I often play it without the capo (G6 tuning, good for practicing barre chords), on the second fret (A6 same as my tenor uke), or at the fifth fret (C6 standard uke tuning).

I got it tuned but the fret spacing thru me off more than the jangly sound of it. It was also too heavy, since I'm a delicate snowflake I just went back to my concerts. ;)

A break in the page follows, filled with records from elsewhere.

(* Passing from level k to level k+1: rec_block_det reduces the minor of Nbar^(k+1,j) to a minor
   of N^(j)(A, A') with A = Rbar_k P^(k+1)_1, and pulling out the scalar gives Rbar_k^b_(k+1,j). *)
lemma recursion_step:
  fixes k j \<tau> :: nat
  assumes k: "1 \<le> k" "k < t"
    and IH: "\<And>j \<tau>. j < degree (P k 2) \<Longrightarrow> \<tau> \<le> j \<Longrightarrow> det (rsm_tau F G (jseq F P l) k j \<tau>) =
      Rbar F G P l \<alpha> \<beta> (k - 1) ^ bkj F P l k j * rkj F G P l k j * det (sres_tau (P k 1) (P k 2) j \<tau>)"
    and j: "j < degree (P (Suc k) 2)" and tau: "\<tau> \<le> j"
  shows "det (rsm_tau F G (jseq F P l) (Suc k) j \<tau>) =
    Rbar F G P l \<alpha> \<beta> k ^ bkj F P l (Suc k) j * rkj F G P l (Suc k) j *
    det (sres_tau (P (Suc k) 1) (P (Suc k) 2) j \<tau>)"
proof -
  define J where "J = jseq F P l k"
  define M where "M = Nbar k J"
  define C where "C = dim_col M"
  define A where "A = smult (Rbar F G P l \<alpha> \<beta> k) (P (Suc k) 1)"
  define b where "b = 2 * J - 2 * j - 1"
  have "J < degree (P k 2)" unfolding J_def using j_less_degree k by auto
  then have M: "M \<in> carrier_mat (C + J) C" and C: "1 \<le> C"
    using Nbar_shape[OF k(1)] k unfolding M_def C_def by auto
  have minors: "det (tau_sub M C (C - 1 + x)) = coeff A (J - x)" if "x \<le> J" for x
    unfolding M_def C_def A_def J_def
    by (rule level_minors[OF k]) (use that IH \<open>J < degree (P k 2)\<close> in \<open>auto simp: J_def\<close>)
  have degrees: "degree (P (Suc k) 1) = J" "P (Suc k) 2 = pderiv (P (Suc k) 1)"
    using next_level_degrees[of k] next_level[of k] k unfolding J_def by auto
  have "P (Suc k) 1 \<noteq> 0" using level_PRS[of "Suc k"] k unfolding is_PRS_def by auto
  then have lc: "coeff A J \<noteq> 0" unfolding A_def using Rbar_nonzero k by (simp flip: degrees(1))
  have jJ: "j + 1 < J" using j next_level_degrees[of k] k unfolding J_def by auto
  have "Nbar (Suc k) j = rec_block M J j" unfolding M_def J_def using k by (cases k) auto
  then have "rsm_tau F G (jseq F P l) (Suc k) j \<tau> = tau_sub (rec_block M J j) (b * C) (b * C + j - \<tau> - 1)"
    unfolding rsm_tau_def Let_def b_def using rec_block_entries(1)[OF M C jJ] by simp
  moreover have "bkj F P l (Suc k) j = b" unfolding bkj_def b_def J_def using k by simp
  moreover have "rkj F G P l (Suc k) j = (-1) ^ ((C - 1) * (\<Sum>i\<in>{1..<b}. i))"
    unfolding rkj_def \<open>bkj F P l (Suc k) j = b\<close> using Nbar_cols_uk k unfolding C_def M_def J_def by simp
  ultimately show ?thesis
    using rec_block_det[OF M C jJ tau minors lc] det_sres_tau_smult[OF degrees(1) jJ]
    unfolding b_def A_def degrees(2) by simp
qed

lemma level_formula:
  "1 \<le> k \<Longrightarrow> k \<le> t \<Longrightarrow> j < degree (P k 2) \<Longrightarrow> \<tau> \<le> j \<Longrightarrow>
    det (rsm_tau F G (jseq F P l) k j \<tau>) =
    Rbar F G P l \<alpha> \<beta> (k - 1) ^ bkj F P l k j * rkj F G P l k j * det (sres_tau (P k 1) (P k 2) j \<tau>)"
proof (induction k arbitrary: j \<tau> rule: nat_induct_at_least)
  case base
  have "degree G < degree F" using level_PRS[of 1] base first_level unfolding is_PRS_def by auto
  moreover have "j < degree G" using base first_level by simp
  ultimately have "degree F + degree G - 2 * j + j - \<tau> - 1 = degree F + degree G - j - \<tau> - 1"
    by linarith
  moreover have "Nbar 1 j = sres_mat (degree F) (degree G) F G j" by (simp add: numeral_eq_Suc)
  ultimately have "rsm_tau F G (jseq F P l) 1 j \<tau> = sres_tau (P 1 1) (P 1 2) j \<tau>"
    unfolding rsm_tau_def sres_tau_def Let_def first_level by (simp add: sres_mat_def)
  then show ?case by (simp add: bkj_def rkj_def)
next
  case (Suc k)
  then show ?case using recursion_step[of k j \<tau>] by simp
qed

end

theorem mainTheorem3:
  fixes F G :: "'a::{field_char_0,field_gcd} poly"
    and t :: nat and P :: "nat \<Rightarrow> nat \<Rightarrow> 'a poly" and l :: "nat \<Rightarrow> nat"
    and \<alpha> \<beta> :: "nat \<Rightarrow> nat \<Rightarrow> 'a"
  assumes "F \<noteq> 0" and "G \<noteq> 0"
    and "degree F > degree G" and "degree G > 0"
    and "is_complete_recursive_PRS F G t P l \<alpha> \<beta>"
    and "\<forall>k\<in>{1..<t}. l k \<ge> 3"
    and "k \<in> {1..t}" and "j < degree (P k 2)" and "\<tau> \<le> j"
  shows "det (rsm_tau F G (jseq F P l) k j \<tau>) =
         Rbar F G P l \<alpha> \<beta> (k - 1) ^ bkj F P l k j * rkj F G P l k j *
         det (sres_tau (P k 1) (P k 2) j \<tau>)"
  using level_formula[OF assms(5,6)] assms(7-9) by auto

end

I got my tenor back yesterday and wow, it's wide too! It took me a few minutes to get back in tenor mode. I keep it in my rotation so I don't get too accustomed to Concert necks.

phil_doleman
12-11-2015, 08:48 AM
I play a short scale tenor banjo tuned to Chicago tuning (low 4th DGBE), with metal strings. Banjos are available in lot of different sizes- the scale length of most 17 fret tenors is not a great deal more than a baritone uke. A 19 fret is a bit longer, and a 5 string banjo a bit longer still. The 'plectrum' banjo is usually the same scale length as a 5 string (in fact, many players simply remove the 5th string and peg from a 5 string) and is often tuned DGBE or something pretty close (trad. plectrum tuning is CGBD, some others use DGDB). There are a multitude of tunings (Irish, Jazz, Chicago, plectrum, DGBD). I suppose what I'm saying is that there's probably a banjo/ string configuration that would work just right in any given tuning!
HOWEVER! (there's always a 'but' isn't there?), you'll find that banjos then to have narrower nut widths and tighter string spacings, which can really throw you if you're used to your uke. Nothing a bit of practice won't get you past, but worth thinking about.